- Nationality: Belgian
- Born: 24 March 1921 Liège, Belgium
- Died: 20 May 1973 (aged 52) Liège, Belgium

Motocross career
- Years active: 1947 - 1957
- Teams: FN
- Championships: European 500cc – 1953, 1954
- Wins: 8

= Auguste Mingels =

Belgian motorcycle racer

Auguste Mingels (24 March 1921 – 20 May 1973) was a Belgian professional motocross racer. He competed in the Motocross World Championships from 1947 to 1957. Mingels is notable for winning two consecutive F.I.M. 500cc European motocross championships in 1953 and 1954. Les Archer, who won the 1956 European motocross championship, considered Mingels to be one of the best European motocross riders of his era.

==Motorcycling career==
Mingels was born in Liège, Belgium and began racing motorcycles in 1947. His portly physique earned him the affectionate nickname of "Le Gros". In 1952, the FIM inaugurated the European Motocross Championships for motorcycles using a 500cc engine displacement formula. The European championship was considered to be the world championship at the time, as the sport of motocross had yet to develop outside of Europe. Mingels rode a Saroléa and finished second in the European championship behind Victor Leloup. The following year, he competed aboard an FN motorcycle and won three Grand Prix races to clinch the 1953 European Motocross Championship. He successfully defended his title by winning the 1954 European Motocross Championship. Mingels dropped to seventh place in the 1956 championship. In 1957, the FIM upgraded the series to world championship status and the 36-year-old Mingels would finish the season in sixth place aboard a Saroléa.

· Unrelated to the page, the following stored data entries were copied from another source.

(* Let $G$ be a bipartite graph with $v$ vertices in each of its two colour classes and with $e$ edges. If the girth of $G$ is at least $8$, then $$e<v^{4/3}+\frac{2}{3}v-\frac{2}{9}v^{2/3}-\frac{20}{81}v^{1/3}.$$ *)

theory Defs
  imports Complex_Main
begin

definition has_cycle_of_length :: "'a set set \<Rightarrow> nat \<Rightarrow> bool" where
  "has_cycle_of_length E k \<longleftrightarrow>
     3 \<le> k \<and> (\<exists>xs. length xs = k \<and> distinct xs \<and>
                  (\<forall>i<k. {xs ! i, xs ! ((i + 1) mod k)} \<in> E))"

definition girth_at_least :: "'a set set \<Rightarrow> nat \<Rightarrow> bool" where
  "girth_at_least E g \<longleftrightarrow> (\<forall>k<g. \<not> has_cycle_of_length E k)"

definition bipartite_graph :: "'a set \<Rightarrow> 'a set \<Rightarrow> 'a set set \<Rightarrow> bool" where
  "bipartite_graph A B E \<longleftrightarrow> finite A \<and> finite B \<and> A \<inter> B = {} \<and>
     E \<subseteq> {{a, b} | a b. a \<in> A \<and> b \<in> B}"

end

(* Let n = card A + card B, let d = 2e/n be the average degree and F(d) = d (1 + (d - 1)^2).
   The main inequality is F(d) <= n/2.  If every degree is at least 2, each edge ab together with
   a' in N(b) - {a} and b' in N(a) - {b} gives a path a' b a b'.  As there are no cycles of length
   4 or 6, these paths have distinct endpoint pairs, none of which is an edge, so
   e + sum over edges ab of (d(a) - 1)(d(b) - 1) <= card A * card B <= n^2/4.  Jensen's inequality
   for t ln(t - 1) and ln y <= y - 1 bound the sum below by e (d - 1)^2.  Vertices of degree at
   most 1 can be deleted without lowering the average degree as long as e >= n, and for e < n the
   bound is immediate.  For card A = card B = v the inequality says F(e/v) <= v; as F is
   increasing, it remains to check that F exceeds v at the claimed bound divided by v. *)

theory Submission
  imports Defs "HOL-Analysis.Convex"
begin

definition neighbours :: "'a set set \<Rightarrow> 'a \<Rightarrow> 'a set" where
  "neighbours E x = {w. {x, w} \<in> E}"

definition degree :: "'a set set \<Rightarrow> 'a \<Rightarrow> nat" where
  "degree E x = card (neighbours E x)"

definition edge_pairs :: "'a set \<Rightarrow> 'a set \<Rightarrow> 'a set set \<Rightarrow> ('a \<times> 'a) set" where
  "edge_pairs A B E = {(a, b) \<in> A \<times> B. {a, b} \<in> E}"

lemma successively_nth:
  "successively P xs \<Longrightarrow> Suc i < length xs \<Longrightarrow> P (xs ! i) (xs ! Suc i)"
  by (induction P xs arbitrary: i rule: successively.induct) (auto simp: nth_Cons split: nat.splits)

lemma has_cycle_of_length_intro:
  assumes "distinct xs" "3 \<le> length xs"
    and "successively (\<lambda>x y. {x, y} \<in> E) xs" "{last xs, hd xs} \<in> E"
  shows "has_cycle_of_length E (length xs)"
  unfolding has_cycle_of_length_def
proof (intro conjI exI allI impI)
  fix i assume i: "i < length xs"
  show "{xs ! i, xs ! ((i + 1) mod length xs)} \<in> E"
  proof (cases "Suc i < length xs")
    case True
    then show ?thesis using successively_nth[OF assms(3)] by simp
  next
    case False
    then have "Suc i = length xs" using i by simp
    then have "i = length xs - 1" "(i + 1) mod length xs = 0" by simp_all
    moreover have "xs \<noteq> []" using i by auto
    ultimately show ?thesis using assms(4) by (simp add: last_conv_nth hd_conv_nth insert_commute)
  qed
qed (use assms in auto)

lemma girth_at_least_no_cycle:
  assumes "girth_at_least E g" "distinct xs" "3 \<le> length xs" "length xs < g"
    and "successively (\<lambda>x y. {x, y} \<in> E) xs" "{last xs, hd xs} \<in> E"
  shows False
  using has_cycle_of_length_intro[OF assms(2,3,5,6)] assms(1,4) by (auto simp: girth_at_least_def)

lemma girth_at_least_subset: "girth_at_least E g \<Longrightarrow> E' \<subseteq> E \<Longrightarrow> girth_at_least E' g"
  unfolding girth_at_least_def has_cycle_of_length_def by blast

lemma girth_at_least_mono: "girth_at_least E g \<Longrightarrow> g' \<le> g \<Longrightarrow> girth_at_least E g'"
  unfolding girth_at_least_def by simp

lemma bipartite_graph_edgeE:
  assumes "bipartite_graph A B E" "ed \<in> E"
  obtains a b where "a \<in> A" "b \<in> B" "ed = {a, b}"
  using assms unfolding bipartite_graph_def by blast

lemma bipartite_graph_edge_cases:
  assumes "bipartite_graph A B E" "{x, y} \<in> E"
  shows "x \<in> A \<and> y \<in> B \<or> x \<in> B \<and> y \<in> A"
  using assms by (elim bipartite_graph_edgeE) (auto simp: doubleton_eq_iff)

lemma bipartite_graph_neighbours:
  assumes "bipartite_graph A B E"
  shows "a \<in> A \<Longrightarrow> neighbours E a \<subseteq> B"
    and "b \<in> B \<Longrightarrow> neighbours E b \<subseteq> A"
    and "x \<notin> A \<union> B \<Longrightarrow> neighbours E x = {}"
  using bipartite_graph_edge_cases[OF assms] assms
  unfolding bipartite_graph_def neighbours_def by blast+

lemma bipartite_graph_finite_neighbours:
  assumes "bipartite_graph A B E" shows "finite (neighbours E x)"
proof -
  have "neighbours E x \<subseteq> A \<union> B" using bipartite_graph_neighbours[OF assms] by blast
  then show ?thesis using assms unfolding bipartite_graph_def by (meson finite_Un finite_subset)
qed

lemma bipartite_graph_edge_pairs:
  assumes "bipartite_graph A B E"
  shows "edge_pairs A B E = Sigma A (neighbours E)"
    and "edge_pairs A B E = (\<lambda>(b, a). (a, b)) ` Sigma B (neighbours E)"
  using bipartite_graph_neighbours(1,2)[OF assms]
  by (force simp: edge_pairs_def neighbours_def insert_commute)+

Mingels competed for the Belgian team in the 1947, 1952 and 1953 Motocross des Nations events. He was the fastest individual rider at the 1947 Motocross des Nations event however, the Belgian team finished in third place. He also won four Belgian motocross national championships during his motorcycling career. He was the boyhood hero to six-time motocross world champion Joël Robert.